Problem requirements: In the listing below, locate the line that contains "record 'a dynprog" and the line that contains "list) list \<Rightarrow> ('a \<Rightarrow> nat set)". Restate word for word those two lines and every line between them, and nothing else.

┌──

lemma kvec_heat_sum_product_le:
  fixes \<theta>1 \<theta>2 \<alpha> \<kappa> :: real
  assumes "0 < \<theta>1" "0 < \<theta>2" "0 < \<alpha>" "0 < \<kappa>"
  shows "\<exists>C>0. \<forall>K r t. 1 \<le> K \<longrightarrow> 0 < t \<longrightarrow>
    kvec_heat_sum \<theta>1 \<alpha> \<kappa> K r t * kvec_heat_sum \<theta>2 \<alpha> \<kappa> K r t
      \<le> C * t powr (- (\<theta>1 + \<theta>2) / (2 * \<alpha>))"
proof -
  obtain C1 C2 where C: "C1 > 0" "C2 > 0"
    and C1: "\<And>K r t. 1 \<le> K \<Longrightarrow> 0 < t \<Longrightarrow> kvec_heat_sum \<theta>1 \<alpha> \<kappa> K r t \<le> C1 * t powr (- \<theta>1 / (2 * \<alpha>))"
    and C2: "\<And>K r t. 1 \<le> K \<Longrightarrow> 0 < t \<Longrightarrow> kvec_heat_sum \<theta>2 \<alpha> \<kappa> K r t \<le> C2 * t powr (- \<theta>2 / (2 * \<alpha>))"
    using kvec_heat_sum_le[OF assms(1,3,4)] kvec_heat_sum_le[OF assms(2,3,4)] by metis
  have "kvec_heat_sum \<theta>1 \<alpha> \<kappa> K r t * kvec_heat_sum \<theta>2 \<alpha> \<kappa> K r t \<le> C1 * C2 * t powr (- (\<theta>1 + \<theta>2) / (2 * \<alpha>))"
    if "1 \<le> K" "0 < t" for K r t
  proof -
    have "kvec_heat_sum \<theta>1 \<alpha> \<kappa> K r t * kvec_heat_sum \<theta>2 \<alpha> \<kappa> K r t
        \<le> C1 * t powr (- \<theta>1 / (2 * \<alpha>)) * (C2 * t powr (- \<theta>2 / (2 * \<alpha>)))"
      using C C1 C2 that by (intro mult_mono) (auto simp: kvec_heat_sum_nonneg)
    also have "\<dots> = C1 * C2 * t powr (- \<theta>1 / (2 * \<alpha>) + - \<theta>2 / (2 * \<alpha>))"
      by (simp only: powr_add mult_ac)
    also have "\<dots> = C1 * C2 * t powr (- (\<theta>1 + \<theta>2) / (2 * \<alpha>))"
      by (simp add: diff_divide_distrib)
    finally show ?thesis .
  qed
  then show ?thesis
    using C by (intro exI[of _ "C1 * C2"]) auto
qed
(* Let $L$ be a regular language over a finite alphabet $\Sigma$ and $\Delta$ a finite set of quantifier-free replacement queries (over string databases). Then $(q_L,\Delta)$ can be maintained in DynProp with suitable initialization.
   Context: Framework. A replacement rule for a relation symbol $R$ is $R := \mu_R(\bar p;\bar x)$, where $\mu_R$ is a first-order formula over the schema, $\bar x$ has the arity of $R$, and $\bar p$ is a tuple of parameter variables. A replacement query $\rho(\bar p)$ is a set of replacement rules for distinct relation symbols, all with the same parameter tuple $\bar p$; it is quantifier-free (resp. in $\mathrm{FO}[\exists^*]$) if all its formulas are quantifier-free (resp. existential). A change $\delta=\rho(\bar a)$ consists of $\rho$ and a tuple $\bar a$ of domain elements; $\delta(\mathcal D)$ replaces every relation $R$ having a rule in $\rho$ by $\{\bar b : \mathcal D\models \mu_R(\bar a;\bar b)\}$. A dynamic program operates on states consisting of an input database and an auxiliary database over a common fixed finite domain. For every allowed replacement query $\rho(\bar p)$ and every auxiliary symbol $T$ it has an update formula $\varphi_T(\bar p;\bar x)$ over input and auxiliary schema; on a change $\rho(\bar a)$ the input is replaced by its image and each $T$ becomes $\{\bar b: \text{old state}\models\varphi_T(\bar a,\bar b)\}$. A program maintains $(q,\Delta)$ if it has an auxiliary relation $Q$ that, after every nonempty sequence of changes from $\Delta$ applied to the initial input database, equals $q$ of the current input. DynFO / DynProp: update formulas first-order / quantifier-free. "With suitable initialization" means the initial auxiliary database need not be empty but may be a suitable auxiliary database depending on the initial input (polynomial-time computable in all cases of the paper). Strings: a word over $\Sigma$ is represented by a database with domain $\{1,\dots,n\}$, the natural linear order $<$, constants $\min=1$, $\max=n$, and one unary relation $R_\sigma$ per $\sigma\in\Sigma$, where each element is in at most one $R_\sigma$. Position $i$ carries $w_i=\sigma$ if $i\in R_\sigma$ and $w_i=\epsilon$ otherwise, and the database represents $w_1\cdots w_n$. Initially all $R_\sigma$ are empty. Changes never modify $<$, $\min$, $\max$, and only replacement queries are applied whose results again have each position in at most one $R_\sigma$. $q_L$ is the Boolean query that is true iff the represented word is in $L$. *)

theory Defs
  imports Main
begin

datatype dterm = Var nat | Min | Max

datatype 'r qf =
    QTrue | QFalse
  | Atom 'r "dterm list"
  | Eq dterm dterm
  | Less dterm dterm
  | Neg "'r qf"
  | Conj "'r qf" "'r qf"
  | Disj "'r qf" "'r qf"

fun tval :: "nat \<Rightarrow> (nat \<Rightarrow> nat) \<Rightarrow> dterm \<Rightarrow> nat" where
  "tval n v (Var i) = v i"
| "tval n v Min = 1"
| "tval n v Max = n"

fun sat :: "nat \<Rightarrow> ('r \<Rightarrow> nat list set) \<Rightarrow> (nat \<Rightarrow> nat) \<Rightarrow> 'r qf \<Rightarrow> bool" where
  "sat n I v QTrue = True"
| "sat n I v QFalse = False"
| "sat n I v (Atom r ts) = (map (tval n v) ts \<in> I r)"
| "sat n I v (Eq s t) = (tval n v s = tval n v t)"
| "sat n I v (Less s t) = (tval n v s < tval n v t)"
| "sat n I v (Neg f) = (\<not> sat n I v f)"
| "sat n I v (Conj f g) = (sat n I v f \<and> sat n I v g)"
| "sat n I v (Disj f g) = (sat n I v f \<or> sat n I v g)"

fun rels :: "'r qf \<Rightarrow> 'r set" where
  "rels (Atom r ts) = {r}"
| "rels (Neg f) = rels f"
| "rels (Conj f g) = rels f \<union> rels g"
| "rels (Disj f g) = rels f \<union> rels g"
| "rels _ = {}"

text \<open>Variable assignment from a tuple: variable i denotes the i-th entry
  (out-of-range variables default to min, which is harmless).\<close>
definition env :: "nat list \<Rightarrow> nat \<Rightarrow> nat" where
  "env xs i = (if i < length xs then xs ! i else 1)"

definition regular :: "('a::finite) list set \<Rightarrow> bool" where
  "regular L \<longleftrightarrow> (\<exists>(S::nat set) (\<delta>::nat \<Rightarrow> 'a \<Rightarrow> nat) q0 F.
      finite S \<and> q0 \<in> S \<and> (\<forall>q\<in>S. \<forall>a. \<delta> q a \<in> S) \<and> F \<subseteq> S \<and>
      L = {w. foldl \<delta> q0 w \<in> F})"

text \<open>An input database over domain {1..n}: one unary relation R_sigma per letter.\<close>
definition inp_interp :: "('a \<Rightarrow> nat set) \<Rightarrow> 'a \<Rightarrow> nat list set" where
  "inp_interp R a = {[i] | i. i \<in> R a}"

definition valid_strdb :: "nat \<Rightarrow> ('a \<Rightarrow> nat set) \<Rightarrow> bool" where
  "valid_strdb n R \<longleftrightarrow> (\<forall>a. R a \<subseteq> {1..n}) \<and> (\<forall>i a b. i \<in> R a \<longrightarrow> i \<in> R b \<longrightarrow> a = b)"

text \<open>The represented word w_1 ... w_n (positions without letter carry epsilon).\<close>
definition word :: "nat \<Rightarrow> ('a \<Rightarrow> nat set) \<Rightarrow> 'a list" where
  "word n R = concat (map (\<lambda>i. if \<exists>a. i \<in> R a then [THE a. i \<in> R a] else []) [1..<Suc n])"

text \<open>A quantifier-free replacement query: (k, rules), k = number of parameters,
  rules a = Some mu means a rule R_a := mu(p;x), where the parameters p are the
  variables 0..k-1 and x is the variable k.\<close>
type_synonym 'a rq = "nat \<times> ('a \<Rightarrow> 'a qf option)"

definition apply_rq :: "nat \<Rightarrow> 'a rq \<Rightarrow> nat list \<Rightarrow> ('a \<Rightarrow> nat set) \<Rightarrow> ('a \<Rightarrow> nat set)" where
  "apply_rq n \<rho> as R = (\<lambda>a. case snd \<rho> a of
      None \<Rightarrow> R a
    | Some \<mu> \<Rightarrow> {b \<in> {1..n}. sat n (inp_interp R) (env (as @ [b])) \<mu>})"

text \<open>Auxiliary symbols are 0..naux-1 with arities; qsym is the designated 0-ary
  query symbol Q.  upd rho T is the update formula phi_T(p;x) for replacement query rho
  over the input and auxiliary schema: parameters are variables 0..k-1, x is k..k+ar T-1.\<close>
record 'a dynprog =
  naux :: nat
  arity :: "nat \<Rightarrow> nat"
  qsym :: nat
  upd :: "'a rq \<Rightarrow> nat \<Rightarrow> ('a + nat) qf"

definition wf_dynprog :: "'a rq set \<Rightarrow> 'a dynprog \<Rightarrow> bool" where
  "wf_dynprog \<Delta> P \<longleftrightarrow> qsym P < naux P \<and> arity P (qsym P) = 0 \<and>
     (\<forall>\<rho>\<in>\<Delta>. \<forall>T < naux P. \<forall>r \<in> rels (upd P \<rho> T).
        (case r of Inl _ \<Rightarrow> True | Inr T' \<Rightarrow> T' < naux P))"

definition state_interp :: "('a \<Rightarrow> nat set) \<Rightarrow> (nat \<Rightarrow> nat list set) \<Rightarrow> ('a + nat) \<Rightarrow> nat list set" where
  "state_interp R A r = (case r of Inl a \<Rightarrow> inp_interp R a | Inr T \<Rightarrow> A T)"

definition upd_aux :: "nat \<Rightarrow> 'a dynprog \<Rightarrow> 'a rq \<Rightarrow> nat list \<Rightarrow> ('a \<Rightarrow> nat set)
    \<Rightarrow> (nat \<Rightarrow> nat list set) \<Rightarrow> (nat \<Rightarrow> nat list set)" where
  "upd_aux n P \<rho> as R A = (\<lambda>T. if T < naux P then
      {bs. length bs = arity P T \<and> set bs \<subseteq> {1..n} \<and>
           sat n (state_interp R A) (env (as @ bs)) (upd P \<rho> T)}
    else {})"

fun allowed_seq :: "nat \<Rightarrow> 'a rq set \<Rightarrow> ('a \<Rightarrow> nat set) \<Rightarrow> ('a rq \<times> nat list) list \<Rightarrow> bool" where
  "allowed_seq n \<Delta> R [] = True"
| "allowed_seq n \<Delta> R ((\<rho>, as) # cs) =
     (\<rho> \<in> \<Delta> \<and> length as = fst \<rho> \<and> set as \<subseteq> {1..n} \<and>
      valid_strdb n (apply_rq n \<rho> as R) \<and> allowed_seq n \<Delta> (apply_rq n \<rho> as R) cs)"

fun run :: "nat \<Rightarrow> 'a dynprog \<Rightarrow> ('a rq \<times> nat list) list \<Rightarrow> ('a \<Rightarrow> nat set)
    \<Rightarrow> (nat \<Rightarrow> nat list set) \<Rightarrow> ('a \<Rightarrow> nat set) \<times> (nat \<Rightarrow> nat list set)" where
  "run n P [] R A = (R, A)"
| "run n P ((\<rho>, as) # cs) R A = run n P cs (apply_rq n \<rho> as R) (upd_aux n P \<rho> as R A)"

definition maintains_init :: "'a rq set \<Rightarrow> 'a list set \<Rightarrow> 'a dynprog \<Rightarrow> (nat \<Rightarrow> nat \<Rightarrow> nat list set) \<Rightarrow> bool" where
  "maintains_init \<Delta> L P init \<longleftrightarrow>
     (\<forall>n \<ge> 1. \<forall>cs. cs \<noteq> [] \<longrightarrow> allowed_seq n \<Delta> (\<lambda>_. {}) cs \<longrightarrow>
        (let (R, A) = run n P cs (\<lambda>_. {}) (init n)
         in ([] \<in> A (qsym P) \<longleftrightarrow> word n R \<in> L)))"

definition dynprop_init_maintainable :: "'a rq set \<Rightarrow> 'a list set \<Rightarrow> bool" where
  "dynprop_init_maintainable \<Delta> L \<longleftrightarrow>
     (\<exists>P init. wf_dynprog \<Delta> P \<and> maintains_init \<Delta> L P init)"

end

theory Submission
  imports Defs
begin

text \<open>Fix a DFA for L. For every map h on letter sets and states q, q' the program keeps the
  binary relation T(h,q,q') of all i, j such that the DFA moves from q to q' on the word strictly
  between positions i and j, each position's letter set first relabelled by h. After a change with
  parameters p, consider the positions p, i, j, min and max: all positions strictly between two
  neighbours among them have the same order type with respect to them, so the change replaces their
  letter sets by a fixed function G of the old ones, and on such a gap the new T(h,q,q') is the old
  T(h \<circ> G,q,q'). The new T(h,q,q') and the new query result are thus obtained by composing old
  relations along the neighbours, and so depend only on the quantifier-free type of the tuple
  (p, i, j) in the old state. A property determined by that type is defined by the disjunction
  of the finitely many types realising it.\<close>

section \<open>Quantifier-free formulas\<close>

fun Disj_list :: "'r qf list \<Rightarrow> 'r qf" where
  "Disj_list [] = QFalse"
| "Disj_list (f # fs) = Disj f (Disj_list fs)"

fun Conj_list :: "'r qf list \<Rightarrow> 'r qf" where
  "Conj_list [] = QTrue"
| "Conj_list (f # fs) = Conj f (Conj_list fs)"

lemma sat_Disj_list [simp]: "sat n I v (Disj_list fs) \<longleftrightarrow> (\<exists>f\<in>set fs. sat n I v f)"
  by (induction fs) auto

lemma sat_Conj_list [simp]: "sat n I v (Conj_list fs) \<longleftrightarrow> (\<forall>f\<in>set fs. sat n I v f)"
  by (induction fs) auto

lemma rels_Disj_list [simp]: "rels (Disj_list fs) = (\<Union>f\<in>set fs. rels f)"
  by (induction fs) auto

lemma rels_Conj_list [simp]: "rels (Conj_list fs) = (\<Union>f\<in>set fs. rels f)"
  by (induction fs) auto
(* Let $n\ge 2$. For $T\in\mathrm{SYT}^{+k}((b,b))$ with $b\ge1$, $k\ge0$, $2b+k=n$, define the word $\alpha(T)$ as follows. The largest entry $n$ lies in the bottom-right cell; delete it. For $j=1,\dots,b$ let $A_j$ be the set in the top cell of column $j$ and $B_j$ the set in the bottom cell of column $j$ (with $n$ removed when $j=b$; $B_b$ may become empty). Then $\alpha(T)$ is the concatenation, for $j=1,\dots,b$ in order, of: the elements of $A_j\setminus\{\max A_j\}$ in increasing order, followed by the elements of $B_j$ in increasing order, followed by $\max A_j$. Then: (1) $\alpha$ is a bijection from $\bigsqcup_{b\ge1,k\ge0,\,2b+k=n}\mathrm{SYT}^{+k}((b,b))$ onto the set of $321$-avoiding permutations of $[n-1]$; (2) the set of entries in the top row of $T$ equals the set of values of the right-to-left minima of $\alpha(T)$; (3) if $T$ has $b$ columns, then $\alpha(T)$ has exactly $b-1$ inner valleys.
   Context: $\mathrm{SYT}^{+k}(\lambda)$: for a partition $\lambda$ of $N$ and $k\ge 0$, the set of fillings $S$ of the cells of the Ferrers diagram of $\lambda$ by nonempty sets of positive integers forming a set partition of $[N+k]$, such that $\max S(u)<\min S(v)$ whenever $u\ne v$ and $u$ is weakly northwest of $v$. A permutation $\pi=\pi_1\cdots\pi_m$ is $321$-avoiding if there are no $i<j<l$ with $\pi_i>\pi_j>\pi_l$. $\pi_i$ is a right-to-left minimum if $\pi_i<\pi_j$ for all $j>i$. An inner valley of $\pi$ is an entry $\pi_j$ with $1<j<m$ and $\pi_{j-1}>\pi_j<\pi_{j+1}$. *)

theory Defs
  imports Main
begin

text \<open>A partition is a list of row lengths (top row first). Cells are pairs (row, column),
  0-indexed, row 0 being the top row (English convention).\<close>

definition cells :: "nat list \<Rightarrow> (nat \<times> nat) set" where
  "cells lam = {(i, j). i < length lam \<and> j < lam ! i}"

definition SYT_plus :: "nat list \<Rightarrow> nat \<Rightarrow> (nat \<Rightarrow> nat \<Rightarrow> nat set) set" where
  "SYT_plus lam k = {S.
     (\<forall>i j. (i, j) \<notin> cells lam \<longrightarrow> S i j = {}) \<and>
     (\<forall>(i, j) \<in> cells lam. S i j \<noteq> {}) \<and>
     (\<forall>(i, j) \<in> cells lam. \<forall>(i', j') \<in> cells lam. (i, j) \<noteq> (i', j') \<longrightarrow> S i j \<inter> S i' j' = {}) \<and>
     (\<Union>(i, j) \<in> cells lam. S i j) = {1..sum_list lam + k} \<and>
     (\<forall>(i, j) \<in> cells lam. \<forall>(i', j') \<in> cells lam.
        (i, j) \<noteq> (i', j') \<and> i \<le> i' \<and> j \<le> j' \<longrightarrow> Max (S i j) < Min (S i' j')) }"

definition alpha_word :: "nat \<Rightarrow> nat \<Rightarrow> (nat \<Rightarrow> nat \<Rightarrow> nat set) \<Rightarrow> nat list" where
  "alpha_word n b T = concat (map (\<lambda>j.
     let A = T 0 j; B = (if j = b - 1 then T 1 j - {n} else T 1 j) in
       sorted_list_of_set (A - {Max A}) @ sorted_list_of_set B @ [Max A]) [0..<b])"

definition avoids321 :: "nat list \<Rightarrow> bool" where
  "avoids321 xs = (\<not> (\<exists>i j l. i < j \<and> j < l \<and> l < length xs \<and> xs ! i > xs ! j \<and> xs ! j > xs ! l))"

definition rl_min_values :: "nat list \<Rightarrow> nat set" where
  "rl_min_values xs = {xs ! i | i. i < length xs \<and> (\<forall>j. i < j \<and> j < length xs \<longrightarrow> xs ! i < xs ! j)}"

definition inner_valleys :: "nat list \<Rightarrow> nat" where
  "inner_valleys xs = card {j. 0 < j \<and> j + 1 < length xs \<and> xs ! (j - 1) > xs ! j \<and> xs ! j < xs ! (j + 1)}"

definition perms321 :: "nat \<Rightarrow> nat list set" where
  "perms321 m = {xs. distinct xs \<and> set xs = {1..m} \<and> avoids321 xs}"

text \<open>Disjoint union over b \<ge> 1, k \<ge> 0 with 2b + k = n, tagged by b (k = n - 2b).\<close>
definition SYT_two_rows :: "nat \<Rightarrow> (nat \<times> (nat \<Rightarrow> nat \<Rightarrow> nat set)) set" where
  "SYT_two_rows n = {(b, T). 1 \<le> b \<and> 2 * b \<le> n \<and> T \<in> SYT_plus [b, b] (n - 2 * b)}"

end

theory Submission
  imports Defs
begin

text \<open>Every top entry of \<open>T\<close> is smaller than all letters following it in \<open>alpha(T)\<close>, while every
  bottom entry is followed by the larger maximum of its column's top cell. Hence the right-to-left
  minima of \<open>alpha(T)\<close> are exactly the top entries, and the other letters, the bottom entries,
  increase from left to right; a word whose non-right-to-left-minima increase is precisely a
  321-avoiding word. Conversely the columns can be read off any 321-avoiding word: a column ends
  at each right-to-left minimum preceded by a letter that is not one, and at the last letter.
  Splitting the word there and sorting each block into right-to-left minima (top) and the rest
  (bottom) inverts \<open>alpha\<close>. Finally, in a 321-avoiding word the inner valleys are exactly the
  block ends other than the last letter, so there are \<open>b - 1\<close> of them.\<close>

section \<open>Precedence in a list\<close>

definition precedes :: "'a list \<Rightarrow> 'a \<Rightarrow> 'a \<Rightarrow> bool" where
  "precedes xs x y \<longleftrightarrow> (\<exists>i j. i < j \<and> j < length xs \<and> xs ! i = x \<and> xs ! j = y)"

lemma precedes_in_set: "precedes xs x y \<Longrightarrow> x \<in> set xs \<and> y \<in> set xs"
  unfolding precedes_def by auto

lemma precedes_nth_iff:
  "distinct xs \<Longrightarrow> i < length xs \<Longrightarrow> j < length xs \<Longrightarrow> precedes xs (xs ! i) (xs ! j) \<longleftrightarrow> i < j"
  unfolding precedes_def by (auto simp: nth_eq_iff_index_eq)

lemma precedes_append:
  "precedes (xs @ ys) x y \<longleftrightarrow> precedes xs x y \<or> precedes ys x y \<or> (x \<in> set xs \<and> y \<in> set ys)"
proof
  assume "precedes (xs @ ys) x y"
  then obtain i j where ij: "i < j" "j < length (xs @ ys)" "(xs @ ys) ! i = x" "(xs @ ys) ! j = y"
    unfolding precedes_def by blast
  consider "j < length xs" | "i < length xs" "length xs \<le> j" | "length xs \<le> i"
    using ij(1) by linarith
  then show "precedes xs x y \<or> precedes ys x y \<or> (x \<in> set xs \<and> y \<in> set ys)"
  proof cases
    case 1
    then have "precedes xs x y"
      unfolding precedes_def using ij by (intro exI[of _ i] exI[of _ j]) (auto simp: nth_append)
    then show ?thesis ..
  next
    case 2
    then show ?thesis using ij by (auto simp: nth_append)
  next
    case 3
    then have "precedes ys x y" unfolding precedes_def using ij
      by (intro exI[of _ "i - length xs"] exI[of _ "j - length xs"]) (auto simp: nth_append)
    then show ?thesis by blast
  qed
next
  assume "precedes xs x y \<or> precedes ys x y \<or> (x \<in> set xs \<and> y \<in> set ys)"
  then show "precedes (xs @ ys) x y"
  proof (elim disjE)
    assume "precedes xs x y"
    then obtain i j where "i < j" "j < length xs" "xs ! i = x" "xs ! j = y"
      unfolding precedes_def by blast
    then show ?thesis
      unfolding precedes_def by (intro exI[of _ i] exI[of _ j]) (auto simp: nth_append)
  next
    assume "precedes ys x y"
    then obtain i j where "i < j" "j < length ys" "ys ! i = x" "ys ! j = y"
      unfolding precedes_def by blast
    then show ?thesis unfolding precedes_def
      by (intro exI[of _ "i + length xs"] exI[of _ "j + length xs"]) (auto simp: nth_append)
  next
    assume "x \<in> set xs \<and> y \<in> set ys"
    then obtain i j where "i < length xs" "j < length ys" "xs ! i = x" "ys ! j = y"
      by (auto simp: in_set_conv_nth)
    then show ?thesis unfolding precedes_def
      by (intro exI[of _ i] exI[of _ "j + length xs"]) (auto simp: nth_append)
  qed
qed

lemma precedes_singleton [simp]: "\<not> precedes [a] x y"
  unfolding precedes_def by auto

lemma precedes_Cons: "precedes (a # xs) x y \<longleftrightarrow> (x = a \<and> y \<in> set xs) \<or> precedes xs x y"
  using precedes_append[of "[a]" xs x y] by auto

lemma precedes_sorted_wrt:
  assumes "sorted_wrt (<) xs"
  shows "precedes xs x y \<longleftrightarrow> x \<in> set xs \<and> y \<in> set xs \<and> (x::'a::linorder) < y"
proof
  assume "precedes xs x y"
  then show "x \<in> set xs \<and> y \<in> set xs \<and> x < y"
    using assms unfolding precedes_def by (auto simp: sorted_wrt_iff_nth_less)
next
  assume xy: "x \<in> set xs \<and> y \<in> set xs \<and> x < y"
  then obtain i j where ij: "i < length xs" "j < length xs" "xs ! i = x" "xs ! j = y"
    by (auto simp: in_set_conv_nth)
  have "i < j" using assms ij xy by (metis less_asym linorder_neqE_nat sorted_wrt_iff_nth_less)
  then show "precedes xs x y" unfolding precedes_def using ij by blast
qed

lemma precedes_sorted_list_of_set:
  "finite S \<Longrightarrow> precedes (sorted_list_of_set S) x y \<longleftrightarrow> x \<in> S \<and> y \<in> S \<and> (x::'a::linorder) < y"
  by (subst precedes_sorted_wrt) auto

└──

Reply:
record 'a dynprog =
  naux :: nat
  arity :: "nat \<Rightarrow> nat"
  qsym :: nat
  upd :: "'a rq \<Rightarrow> nat \<Rightarrow> ('a + nat) qf"

definition wf_dynprog :: "'a rq set \<Rightarrow> 'a dynprog \<Rightarrow> bool" where
  "wf_dynprog \<Delta> P \<longleftrightarrow> qsym P < naux P \<and> arity P (qsym P) = 0 \<and>
     (\<forall>\<rho>\<in>\<Delta>. \<forall>T < naux P. \<forall>r \<in> rels (upd P \<rho> T).
        (case r of Inl _ \<Rightarrow> True | Inr T' \<Rightarrow> T' < naux P))"

definition state_interp :: "('a \<Rightarrow> nat set) \<Rightarrow> (nat \<Rightarrow> nat list set) \<Rightarrow> ('a + nat) \<Rightarrow> nat list set" where
  "state_interp R A r = (case r of Inl a \<Rightarrow> inp_interp R a | Inr T \<Rightarrow> A T)"

definition upd_aux :: "nat \<Rightarrow> 'a dynprog \<Rightarrow> 'a rq \<Rightarrow> nat list \<Rightarrow> ('a \<Rightarrow> nat set)
    \<Rightarrow> (nat \<Rightarrow> nat list set) \<Rightarrow> (nat \<Rightarrow> nat list set)" where
  "upd_aux n P \<rho> as R A = (\<lambda>T. if T < naux P then
      {bs. length bs = arity P T \<and> set bs \<subseteq> {1..n} \<and>
           sat n (state_interp R A) (env (as @ bs)) (upd P \<rho> T)}
    else {})"

fun allowed_seq :: "nat \<Rightarrow> 'a rq set \<Rightarrow> ('a \<Rightarrow> nat set) \<Rightarrow> ('a rq \<times> nat list) list \<Rightarrow> bool" where
  "allowed_seq n \<Delta> R [] = True"
| "allowed_seq n \<Delta> R ((\<rho>, as) # cs) =
     (\<rho> \<in> \<Delta> \<and> length as = fst \<rho> \<and> set as \<subseteq> {1..n} \<and>
      valid_strdb n (apply_rq n \<rho> as R) \<and> allowed_seq n \<Delta> (apply_rq n \<rho> as R) cs)"

fun run :: "nat \<Rightarrow> 'a dynprog \<Rightarrow> ('a rq \<times> nat list) list \<Rightarrow> ('a \<Rightarrow> nat set)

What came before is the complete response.